Tuesday, November 29, 2011

Just thoughts

Lately, I've just felt no desire to read the Bible or spend time with God.  I'm struggling with what it means for me to be a Christian.  I find it difficult to be real and honest at a Christian school.  I often feel like people wear a mask and hide who they really are.  Everyone appears to be the same: a perfect Christian who reads their Bible everyday and has everything together with no problems.  And because it is a Christian school with high standards and harsh punishments, people tend to hide sin and do things in secret while still outwardly appearing to be righteous.  It just makes it hard to trust and understand people and it makes me scared that I'm the same way.


I'm just wondering if a Christian school really makes sense.  Jesus' best friends were his disciples, but he didn't spend all his time solely with other believers.  He made friends with the beggars and prostitutes and tax collectors.  I understand the importance and need for fellowship with other believers, but I sometimes feel like Liberty is just a big bubble of the same kind of people, or at least people who all act the same.  I wonder if it would be different if I went to a secular school where people could be who they really are and not hide behind a pretense.  And then, Christians would be tested in their values and could stand firm and stand out for Christ a part from the world.


I'm not trying to be judgmental at all, just reflecting... and I started this post out by saying I haven't had the desire to spend time with God, I don't know how much worse you can get than that.  I want to live my life for God's glory, but I want to be real and not hide all my struggles or pretend they don't exist.


Just please pray for me, that God will give me a hunger and a thirst for Him... and that I will fill it with Him.


Thanks, Cameron

Sunday, November 20, 2011

A New Day

Well, a best friend told me I needed to write, so I will.  First, I just want to say thank you to that friend... you're amazing and encouraging and you've made such an impact on me and I'm truly so grateful for you.  


So, I guess I should write about the biggest thing that has happened in my life recently, but I don't feel like talking about it much anymore, so I'll be brief... I was in a car accident on the interstate coming home for Thanksgiving break this past Friday.  An 18-wheeler started smoking and came to a sudden stop.  I was two cars behind it and couldn't stop in time to avoid colliding with the car in front of me.  My airbag deployed and it burned and bruised my wrists.  They thought it fractured my wrist, but it feels better now so I don't think I'm going to get the MRI.  I cut my foot and was sore for a few days, but other than those minor injuries, I'm lucky to be alive.  My car is pretty much totaled and I was pretty shaken up after the wreck so it took me a while to calm down.  But I went to my car to get my license and there was a piece of paper randomly on my seat.  I picked it up and flipped it over and saw that it was a card with Scripture on it that my mom had sent me a few weeks back.  The card was Psalm 137:8 and it read: "Though I walk through the midst of trouble, you preserve my life."

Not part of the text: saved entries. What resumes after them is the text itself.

(* Let $h>0$ and let $B\subset\mathbb Z^8_h$ be bounded. As operators on the space of functions $\partial B\to\mathbb O$, $$(P^h_{\partial B})^2=P^h_{\partial B},\qquad (Q^h_{\partial B})^2=Q^h_{\partial B},\qquad P^h_{\partial B}Q^h_{\partial B}=Q^h_{\partial B}P^h_{\partial B}=0.$$
   Context: $\mathbb O$ is the real octonion algebra with basis $\mathbf e_0=1,\mathbf e_1,\dots,\mathbf e_7$, where $\mathbf e_i\mathbf e_j=-\delta_{ij}+\sum_k\varepsilon_{ijk}\mathbf e_k$ for $1\le i,j\le 7$, $\varepsilon_{ijk}$ totally antisymmetric with $\varepsilon_{ijk}=1$ for $ijk\in\{123,145,176,246,257,347,365\}$; $\overline{\mathbf e}_0=\mathbf e_0$, $\overline{\mathbf e}_l=-\mathbf e_l$ ($l\ge1$). For $h>0$, $\mathbb Z^8_h=(h\mathbb Z)^8$, $e_0,\dots,e_7$ are the standard unit vectors of $\mathbb R^8$, $\chi_A$ is the indicator of $A$. $\partial_l^{+,h}f(x)=(f(x+he_l)-f(x))/h$, $\partial_l^{-,h}f(x)=(f(x)-f(x-he_l))/h$. $N(x)=\{x,x\pm he_0,\dots,x\pm he_7\}$; $\partial B=\{x:\ N(x)\cap B\neq\emptyset,\ N(x)\cap(\mathbb Z^8_h\setminus B)\neq\emptyset\}$. For $x\in\partial B$: $\Sigma(x)=\sum_l[(\partial_l^{+,h}\chi_B(x))^2+(\partial_l^{-,h}\chi_B(x))^2]$, $s(x)=\frac{h^8}{2}\sqrt{\Sigma(x)}$, $n_l^\pm(x)=-2\partial_l^{\pm,h}\chi_B(x)/\sqrt{\Sigma(x)}$, $\int_{\partial B}g\,dS=\sum_{x\in\partial B}g(x)s(x)$. Fundamental solution: $E^1(x)=\frac{1}{(2\pi)^8}\int_{[-\pi,\pi]^8}\frac{\sum_l\overline{\mathbf e}_l\sin u_l}{\sum_l\sin^2u_l}\sin(\sum_lu_lx_l)\,du$ ($x\in\mathbb Z^8$), $E^h(x)=h^{-7}E^1(x/h)$. Star product: $K^h(x,y)*g(x)=-\frac12\sum_{l=0}^7\big(E^h(he_l-x+y)n_l^-(x)+E^h(-he_l-x+y)n_l^+(x)\big)(\mathbf e_lg(x))$. For $g:\partial B\to\mathbb O$: $S^h_{\partial B}g(y)=2\int_{\partial B}K^h(x,y)*\big(g(x)-g(y)\big)dS(x)+g(y)$ ($y\in\partial B$), $P^h_{\partial B}g=\frac12(g+S^h_{\partial B}g)$, $Q^h_{\partial B}g=\frac12(g-S^h_{\partial B}g)$. *)

theory Defs
  imports "HOL-Analysis.Analysis"
begin

text \<open>Octonions and points of R^8 are both modelled as vectors in real^8;
  the component with index (of_nat l :: 8) is the coefficient of e_l, l = 0..7.\<close>

type_synonym octo = "real ^ 8"

definition ev :: "nat \<Rightarrow> real ^ 8" where
  "ev l = axis (of_nat l :: 8) 1"

definition oct_triples :: "(nat \<times> nat \<times> nat) list" where
  "oct_triples = [(1,2,3),(1,4,5),(1,7,6),(2,4,6),(2,5,7),(3,4,7),(3,6,5)]"

definition oeps :: "nat \<Rightarrow> nat \<Rightarrow> nat \<Rightarrow> real" where
  "oeps i j k =
     (if \<exists>(a,b,c)\<in>set oct_triples. (i,j,k) \<in> {(a,b,c),(b,c,a),(c,a,b)} then 1
      else if \<exists>(a,b,c)\<in>set oct_triples. (i,j,k) \<in> {(b,a,c),(a,c,b),(c,b,a)} then -1
      else 0)"

definition ebprod :: "nat \<Rightarrow> nat \<Rightarrow> octo" where
  "ebprod i j =
     (if i = 0 then ev j
      else if j = 0 then ev i
      else (- (if i = j then 1 else 0)) *\<^sub>R ev 0 + (\<Sum>k\<in>{1..7}. oeps i j k *\<^sub>R ev k))"

definition omult :: "octo \<Rightarrow> octo \<Rightarrow> octo" where
  "omult x y = (\<Sum>i<8. \<Sum>j<8. (x $ of_nat i * y $ of_nat j) *\<^sub>R ebprod i j)"

definition oconj :: "octo \<Rightarrow> octo" where
  "oconj x = (\<Sum>l<8. ((if l = 0 then 1 else -1) * x $ of_nat l) *\<^sub>R ev l)"

definition lattice :: "real \<Rightarrow> (real ^ 8) set" where
  "lattice h = {x. \<forall>i. \<exists>k::int. x $ i = h * of_int k}"

definition chi :: "(real ^ 8) set \<Rightarrow> real ^ 8 \<Rightarrow> real" where
  "chi B x = indicator B x"

definition dplus :: "real \<Rightarrow> nat \<Rightarrow> (real ^ 8 \<Rightarrow> real) \<Rightarrow> real ^ 8 \<Rightarrow> real" where
  "dplus h l f x = (f (x + h *\<^sub>R ev l) - f x) / h"

definition dminus :: "real \<Rightarrow> nat \<Rightarrow> (real ^ 8 \<Rightarrow> real) \<Rightarrow> real ^ 8 \<Rightarrow> real" where
  "dminus h l f x = (f x - f (x - h *\<^sub>R ev l)) / h"

definition nbhd :: "real \<Rightarrow> real ^ 8 \<Rightarrow> (real ^ 8) set" where
  "nbhd h x = insert x ((\<Union>l<8. {x + h *\<^sub>R ev l, x - h *\<^sub>R ev l}))"

definition dbound :: "real \<Rightarrow> (real ^ 8) set \<Rightarrow> (real ^ 8) set" where
  "dbound h B = {x \<in> lattice h. nbhd h x \<inter> B \<noteq> {} \<and> nbhd h x \<inter> (lattice h - B) \<noteq> {}}"

definition Sig :: "real \<Rightarrow> (real ^ 8) set \<Rightarrow> real ^ 8 \<Rightarrow> real" where
  "Sig h B x = (\<Sum>l<8. (dplus h l (chi B) x)\<^sup>2 + (dminus h l (chi B) x)\<^sup>2)"

definition sarea :: "real \<Rightarrow> (real ^ 8) set \<Rightarrow> real ^ 8 \<Rightarrow> real" where
  "sarea h B x = h ^ 8 / 2 * sqrt (Sig h B x)"

definition nplus :: "real \<Rightarrow> (real ^ 8) set \<Rightarrow> nat \<Rightarrow> real ^ 8 \<Rightarrow> real" where
  "nplus h B l x = - 2 * dplus h l (chi B) x / sqrt (Sig h B x)"

definition nminus :: "real \<Rightarrow> (real ^ 8) set \<Rightarrow> nat \<Rightarrow> real ^ 8 \<Rightarrow> real" where
  "nminus h B l x = - 2 * dminus h l (chi B) x / sqrt (Sig h B x)"

definition bint :: "real \<Rightarrow> (real ^ 8) set \<Rightarrow> (real ^ 8 \<Rightarrow> octo) \<Rightarrow> octo" where
  "bint h B g = (\<Sum>x\<in>dbound h B. sarea h B x *\<^sub>R g x)"

definition E1 :: "real ^ 8 \<Rightarrow> octo" where
  "E1 x = (1 / (2 * pi) ^ 8) *\<^sub>R
     integral (cbox (- (\<chi> i. pi)) (\<chi> i. pi))
       (\<lambda>u::real^8. (sin (\<Sum>l<8. u $ of_nat l * x $ of_nat l)
            / (\<Sum>l<8. (sin (u $ of_nat l))\<^sup>2)) *\<^sub>R
          (\<Sum>l<8. sin (u $ of_nat l) *\<^sub>R oconj (ev l)))"

definition Eh :: "real \<Rightarrow> real ^ 8 \<Rightarrow> octo" where
  "Eh h x = (1 / h ^ 7) *\<^sub>R E1 ((1 / h) *\<^sub>R x)"

definition kstar :: "real \<Rightarrow> (real ^ 8) set \<Rightarrow> real ^ 8 \<Rightarrow> real ^ 8 \<Rightarrow> octo \<Rightarrow> octo" where
  "kstar h B x y v = (- 1 / 2) *\<^sub>R
     (\<Sum>l<8. omult (nminus h B l x *\<^sub>R Eh h (h *\<^sub>R ev l - x + y)
                    + nplus h B l x *\<^sub>R Eh h (- (h *\<^sub>R ev l) - x + y))
                   (omult (ev l) v))"

definition Sop :: "real \<Rightarrow> (real ^ 8) set \<Rightarrow> (real ^ 8 \<Rightarrow> octo) \<Rightarrow> real ^ 8 \<Rightarrow> octo" where
  "Sop h B g y = 2 *\<^sub>R bint h B (\<lambda>x. kstar h B x y (g x - g y)) + g y"

definition Pop :: "real \<Rightarrow> (real ^ 8) set \<Rightarrow> (real ^ 8 \<Rightarrow> octo) \<Rightarrow> real ^ 8 \<Rightarrow> octo" where
  "Pop h B g y = (1 / 2) *\<^sub>R (g y + Sop h B g y)"

definition Qop :: "real \<Rightarrow> (real ^ 8) set \<Rightarrow> (real ^ 8 \<Rightarrow> octo) \<Rightarrow> real ^ 8 \<Rightarrow> octo" where
  "Qop h B g y = (1 / 2) *\<^sub>R (g y - Sop h B g y)"

end

theory Submission
  imports Defs
begin

text \<open>Write the boundary operator as S g = A g + (1 - 2 chi_B) g, where A is a boundary sum of the
  Cauchy kernel. Discrete summation by parts against the jumps of chi_B gives a Cauchy-Pompeiu formula
  A F = 2 chi_B F - h^7 sum_(b in B) E^h(. - b) D F(b) with D the central-difference Dirac operator;
  it rests on E^h being a two-sided fundamental solution of D, which follows from the Fourier
  representation of E^1 and the relations conj(e_k)(e_l x) + conj(e_l)(e_k x) = 2 delta_kl x.
  Inside B, D of A G equals -2 D((1 - chi_B) G), so A (A G) = 2 chi_B A G - 2 A ((1 - chi_B) G), hence
  A (S g) = (2 chi_B - 1) A g and S (S g) = g on the lattice. P = (I + S)/2 and Q = (I - S)/2 are
  then complementary projections.\<close>

section \<open>Octonion multiplication on basis elements\<close>


lemma of_nat_8_inj: "inj_on (of_nat :: nat \<Rightarrow> 8) {..<8}"
proof (rule inj_onI)
  have *: "a = b" if "a \<le> b" "b < 8" "(of_nat a :: 8) = of_nat b" for a b :: nat
  proof -
    have "(of_nat (b - a) :: 8) = 0" using that by (simp add: of_nat_diff)
    then have "8 dvd (b - a)" by (simp add: of_nat_eq_0_iff_char_dvd)
    with that show ?thesis by (auto dest: dvd_imp_le)
  qed
  fix a b assume "a \<in> {..<8}" "b \<in> {..<8}" "(of_nat a :: 8) = of_nat b"
  then show "a = b" using *[of a b] *[of b a] by (cases "a \<le> b") auto
qed

lemma UNIV_8_eq: "(UNIV :: 8 set) = of_nat ` {..<8}"
proof -
  have "card (of_nat ` {..<8} :: 8 set) = 8" using of_nat_8_inj by (simp add: card_image)
  then show ?thesis using card_subset_eq[of UNIV "of_nat ` {..<8} :: 8 set"] by simp
qed

lemma sum_UNIV_8: "(\<Sum>i\<in>UNIV. f i) = (\<Sum>l<8. f (of_nat l :: 8))"
  by (subst UNIV_8_eq) (simp add: sum.reindex[OF of_nat_8_inj])

lemma ev_nth: "a < 8 \<Longrightarrow> l < 8 \<Longrightarrow> ev l $ of_nat a = (if a = l then 1 else 0)"
  using of_nat_8_inj by (auto simp: ev_def axis_def dest: inj_onD)

lemma octo_linear_eqI:
  assumes "linear f" "linear g" "\<And>m. m < 8 \<Longrightarrow> f (ev m) = g (ev m)"
  shows "f = g"
proof (rule linear_eq_stdbasis[OF assms(1,2)])
  fix b :: octo assume "b \<in> Basis"
  then obtain i where i: "b = axis i 1" by (auto simp: Basis_vec_def)
  obtain m where "m < 8" "i = of_nat m" using UNIV_8_eq by (metis UNIV_I imageE lessThan_iff)
  then show "f b = g b" using assms(3) i by (simp add: ev_def)
qed

interpretation omult: bounded_bilinear omult
  unfolding bilinear_conv_bounded_bilinear[symmetric] bilinear_def
  by (auto intro!: linearI simp: omult_def algebra_simps scaleR_sum_right sum.distrib)

text \<open>The triples of the multiplication table satisfy k = i XOR j, so e_i e_j = osign i j e_(i XOR j).\<close>

definition osign :: "nat \<Rightarrow> nat \<Rightarrow> real" where
  "osign i j = (if i = 0 \<or> j = 0 then 1 else if i = j then -1 else oeps i j (xor i j))"

lemma less_8_cases: "(i::nat) < 8 \<Longrightarrow> i = 0 \<or> i = 1 \<or> i = 2 \<or> i = 3 \<or> i = 4 \<or> i = 5 \<or> i = 6 \<or> i = 7"
  by linarith

lemma oeps_eq: "oeps i j k =
  (if (i,j,k) \<in> {(1,2,3),(2,3,1),(3,1,2),(1,4,5),(4,5,1),(5,1,4),(1,7,6),(7,6,1),(6,1,7),(2,4,6),(4,6,2),(6,2,4),
     (2,5,7),(5,7,2),(7,2,5),(3,4,7),(4,7,3),(7,3,4),(3,6,5),(6,5,3),(5,3,6)} then 1
   else if (i,j,k) \<in> {(2,1,3),(1,3,2),(3,2,1),(4,1,5),(1,5,4),(5,4,1),(7,1,6),(1,6,7),(6,7,1),(4,2,6),(2,6,4),(6,4,2),
     (5,2,7),(2,7,5),(7,5,2),(4,3,7),(3,7,4),(7,4,3),(6,3,5),(3,5,6),(5,6,3)} then -1 else 0)"
  unfolding oeps_def oct_triples_def by auto

lemma ebprod_eq_osign: "i < 8 \<Longrightarrow> j < 8 \<Longrightarrow> ebprod i j = osign i j *\<^sub>R ev (xor i j)"
  by (drule less_8_cases)+
     (elim disjE; simp add: ebprod_def osign_def oeps_eq if_distrib[of "\<lambda>x. x *\<^sub>R _"] cong: if_cong;
      simp only: numeral_3_eq_3)

text \<open>On basis elements the polarised identities conj(a)(a x) = |a|^2 x and a (conj(a) x) = |a|^2 x
  reduce to these sign identities, checked by evaluation.\<close>

lemma osign_identities:
  "\<forall>k\<in>set [0..<8]. \<forall>l\<in>set [0..<8]. \<forall>m\<in>set [0..<8].
     (if k = 0 then 1 else -1) * osign l m * osign k (xor l m) + (if l = 0 then 1 else -1) * osign k m * osign l (xor k m)
       = (if k = l then 2 else 0)
   \<and> (if l = 0 then 1 else -1) * osign l m * osign k (xor l m) + (if k = 0 then 1 else -1) * osign k m * osign l (xor k m)
       = (if k = l then 2 else 0)"
  unfolding osign_def oeps_def oct_triples_def by code_simp

lemma xor_less_8: "i < 8 \<Longrightarrow> j < 8 \<Longrightarrow> xor i j < (8::nat)"
  by (drule less_8_cases)+ (elim disjE; simp)

lemma omult_ev_ev: "i < 8 \<Longrightarrow> j < 8 \<Longrightarrow> omult (ev i) (ev j) = osign i j *\<^sub>R ev (xor i j)"
  by (simp add: omult_def ev_nth ebprod_eq_osign if_distrib[of "\<lambda>x. x * _"] if_distrib[of "\<lambda>x. _ * x"]
                if_distrib[of "\<lambda>x. x *\<^sub>R _"] cong: if_cong)

lemma oconj_ev: "k < 8 \<Longrightarrow> oconj (ev k) = (if k = 0 then 1 else -1) *\<^sub>R ev k"
  by (simp add: oconj_def ev_nth if_distrib[of "\<lambda>x. _ * x"] if_distrib[of "\<lambda>x. x *\<^sub>R _"] cong: if_cong)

 When I read that card, I just felt like God decided to give me life on Friday.  He could have taken it, but for some reason, He wasn't ready for that yet.  And so, I know that since He isn't ready for me yet, He still has plans for me here.  I already owed God my life, so now I double owe Him.  I'm ready and willing for whatever He has in store for me.  I'm grateful for each day and grateful that I know the love of Christ.  I just desire to be a good steward of the gift I've received and be pleasing in the sight of the Lord.  


I like how each new trial I face just puts things in perspective.  It's like each thing that happens reminds me that God is in control and I can't help but trust in Him... I am helpless to guide myself and I don't even want to try.  I'm thankful for so much this Thanksgiving and I know God is good and faithful to complete the work that He begins.